> _The task_
Nothing but the exact lines from the one containing "theory Defs" through the last line of the records below belongs in your answer.

> _Task input_
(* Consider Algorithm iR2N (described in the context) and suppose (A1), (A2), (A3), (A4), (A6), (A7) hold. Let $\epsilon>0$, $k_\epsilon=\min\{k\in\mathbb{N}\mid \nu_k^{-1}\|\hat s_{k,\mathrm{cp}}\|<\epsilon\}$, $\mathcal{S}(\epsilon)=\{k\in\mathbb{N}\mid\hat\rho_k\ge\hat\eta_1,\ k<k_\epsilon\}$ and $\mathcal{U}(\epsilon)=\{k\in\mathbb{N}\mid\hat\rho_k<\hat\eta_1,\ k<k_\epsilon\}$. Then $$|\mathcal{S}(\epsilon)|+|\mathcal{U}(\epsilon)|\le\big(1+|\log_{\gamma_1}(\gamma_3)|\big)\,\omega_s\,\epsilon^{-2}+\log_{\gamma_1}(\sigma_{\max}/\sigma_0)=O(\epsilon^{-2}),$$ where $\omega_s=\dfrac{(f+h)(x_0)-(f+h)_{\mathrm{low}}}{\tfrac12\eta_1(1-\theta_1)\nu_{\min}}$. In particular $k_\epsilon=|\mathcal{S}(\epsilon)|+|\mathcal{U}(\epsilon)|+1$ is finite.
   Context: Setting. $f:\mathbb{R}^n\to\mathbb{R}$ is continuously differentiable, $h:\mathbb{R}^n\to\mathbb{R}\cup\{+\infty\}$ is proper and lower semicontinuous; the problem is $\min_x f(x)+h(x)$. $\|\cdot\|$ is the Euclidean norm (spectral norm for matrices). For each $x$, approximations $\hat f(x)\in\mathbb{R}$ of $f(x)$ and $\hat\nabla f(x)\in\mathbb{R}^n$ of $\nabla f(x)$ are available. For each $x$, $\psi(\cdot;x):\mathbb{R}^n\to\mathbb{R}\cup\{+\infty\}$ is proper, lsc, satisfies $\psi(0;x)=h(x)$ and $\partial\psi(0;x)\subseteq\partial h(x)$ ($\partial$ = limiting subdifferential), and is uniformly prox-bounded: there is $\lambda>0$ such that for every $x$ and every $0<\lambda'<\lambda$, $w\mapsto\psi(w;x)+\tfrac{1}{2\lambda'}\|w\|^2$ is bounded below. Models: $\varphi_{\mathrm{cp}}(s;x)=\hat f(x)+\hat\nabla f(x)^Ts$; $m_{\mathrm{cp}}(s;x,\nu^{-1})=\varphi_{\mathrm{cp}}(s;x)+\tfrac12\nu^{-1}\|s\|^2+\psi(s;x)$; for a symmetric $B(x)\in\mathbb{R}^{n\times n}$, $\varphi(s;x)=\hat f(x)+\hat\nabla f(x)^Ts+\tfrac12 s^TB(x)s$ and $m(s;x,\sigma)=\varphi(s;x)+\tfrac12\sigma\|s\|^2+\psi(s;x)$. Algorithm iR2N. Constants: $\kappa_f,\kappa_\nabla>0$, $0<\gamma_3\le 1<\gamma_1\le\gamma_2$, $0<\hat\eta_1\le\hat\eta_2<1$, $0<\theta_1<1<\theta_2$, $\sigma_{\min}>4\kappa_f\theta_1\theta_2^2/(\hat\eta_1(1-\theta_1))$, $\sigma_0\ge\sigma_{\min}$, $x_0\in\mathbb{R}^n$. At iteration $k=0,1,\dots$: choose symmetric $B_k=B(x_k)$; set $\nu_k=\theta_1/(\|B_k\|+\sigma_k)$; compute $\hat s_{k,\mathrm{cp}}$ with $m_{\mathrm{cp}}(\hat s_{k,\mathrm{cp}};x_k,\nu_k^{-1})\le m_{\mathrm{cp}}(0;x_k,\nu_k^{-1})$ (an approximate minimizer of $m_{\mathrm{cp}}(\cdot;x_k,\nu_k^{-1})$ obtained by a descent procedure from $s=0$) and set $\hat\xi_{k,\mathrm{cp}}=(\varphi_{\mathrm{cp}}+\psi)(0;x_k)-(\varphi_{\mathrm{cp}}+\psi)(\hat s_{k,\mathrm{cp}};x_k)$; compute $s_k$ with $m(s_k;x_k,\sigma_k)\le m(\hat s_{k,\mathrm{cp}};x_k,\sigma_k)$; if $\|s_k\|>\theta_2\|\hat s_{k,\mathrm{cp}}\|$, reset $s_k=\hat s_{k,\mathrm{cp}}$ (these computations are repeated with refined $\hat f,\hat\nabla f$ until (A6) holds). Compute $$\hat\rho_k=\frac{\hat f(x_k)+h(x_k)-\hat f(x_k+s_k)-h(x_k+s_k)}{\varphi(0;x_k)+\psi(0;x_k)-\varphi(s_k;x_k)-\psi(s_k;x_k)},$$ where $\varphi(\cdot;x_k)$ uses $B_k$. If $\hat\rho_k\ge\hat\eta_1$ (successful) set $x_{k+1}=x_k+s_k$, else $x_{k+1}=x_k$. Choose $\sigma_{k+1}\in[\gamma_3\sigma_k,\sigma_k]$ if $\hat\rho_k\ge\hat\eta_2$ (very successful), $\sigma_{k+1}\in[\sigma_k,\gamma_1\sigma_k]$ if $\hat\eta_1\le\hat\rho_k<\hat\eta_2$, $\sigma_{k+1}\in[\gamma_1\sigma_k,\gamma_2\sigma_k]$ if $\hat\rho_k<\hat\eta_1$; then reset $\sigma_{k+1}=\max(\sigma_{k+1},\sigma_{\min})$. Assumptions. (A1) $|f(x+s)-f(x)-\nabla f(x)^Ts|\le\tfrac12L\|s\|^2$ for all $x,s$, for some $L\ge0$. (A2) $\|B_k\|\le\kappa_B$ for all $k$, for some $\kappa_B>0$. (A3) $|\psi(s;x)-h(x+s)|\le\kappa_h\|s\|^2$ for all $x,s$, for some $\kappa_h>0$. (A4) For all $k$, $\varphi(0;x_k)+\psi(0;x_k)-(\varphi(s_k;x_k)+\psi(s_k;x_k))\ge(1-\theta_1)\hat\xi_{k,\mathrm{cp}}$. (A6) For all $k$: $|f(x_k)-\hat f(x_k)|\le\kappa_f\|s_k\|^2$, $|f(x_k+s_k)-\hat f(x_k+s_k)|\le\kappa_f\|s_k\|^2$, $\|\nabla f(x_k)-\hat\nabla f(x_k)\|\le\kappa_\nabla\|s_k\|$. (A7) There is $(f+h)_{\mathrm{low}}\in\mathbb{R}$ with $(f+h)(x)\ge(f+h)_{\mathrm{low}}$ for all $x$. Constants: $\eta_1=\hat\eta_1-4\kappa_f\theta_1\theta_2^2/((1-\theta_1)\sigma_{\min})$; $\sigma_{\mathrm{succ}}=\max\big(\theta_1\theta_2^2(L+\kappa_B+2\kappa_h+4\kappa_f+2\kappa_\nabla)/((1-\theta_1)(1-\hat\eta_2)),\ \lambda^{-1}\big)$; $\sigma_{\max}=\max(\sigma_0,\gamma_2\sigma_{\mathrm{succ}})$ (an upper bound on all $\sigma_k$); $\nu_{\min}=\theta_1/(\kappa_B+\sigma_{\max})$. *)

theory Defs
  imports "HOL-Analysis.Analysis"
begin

> _Written reply_
theory Defs
  imports "HOL-Analysis.Analysis"
begin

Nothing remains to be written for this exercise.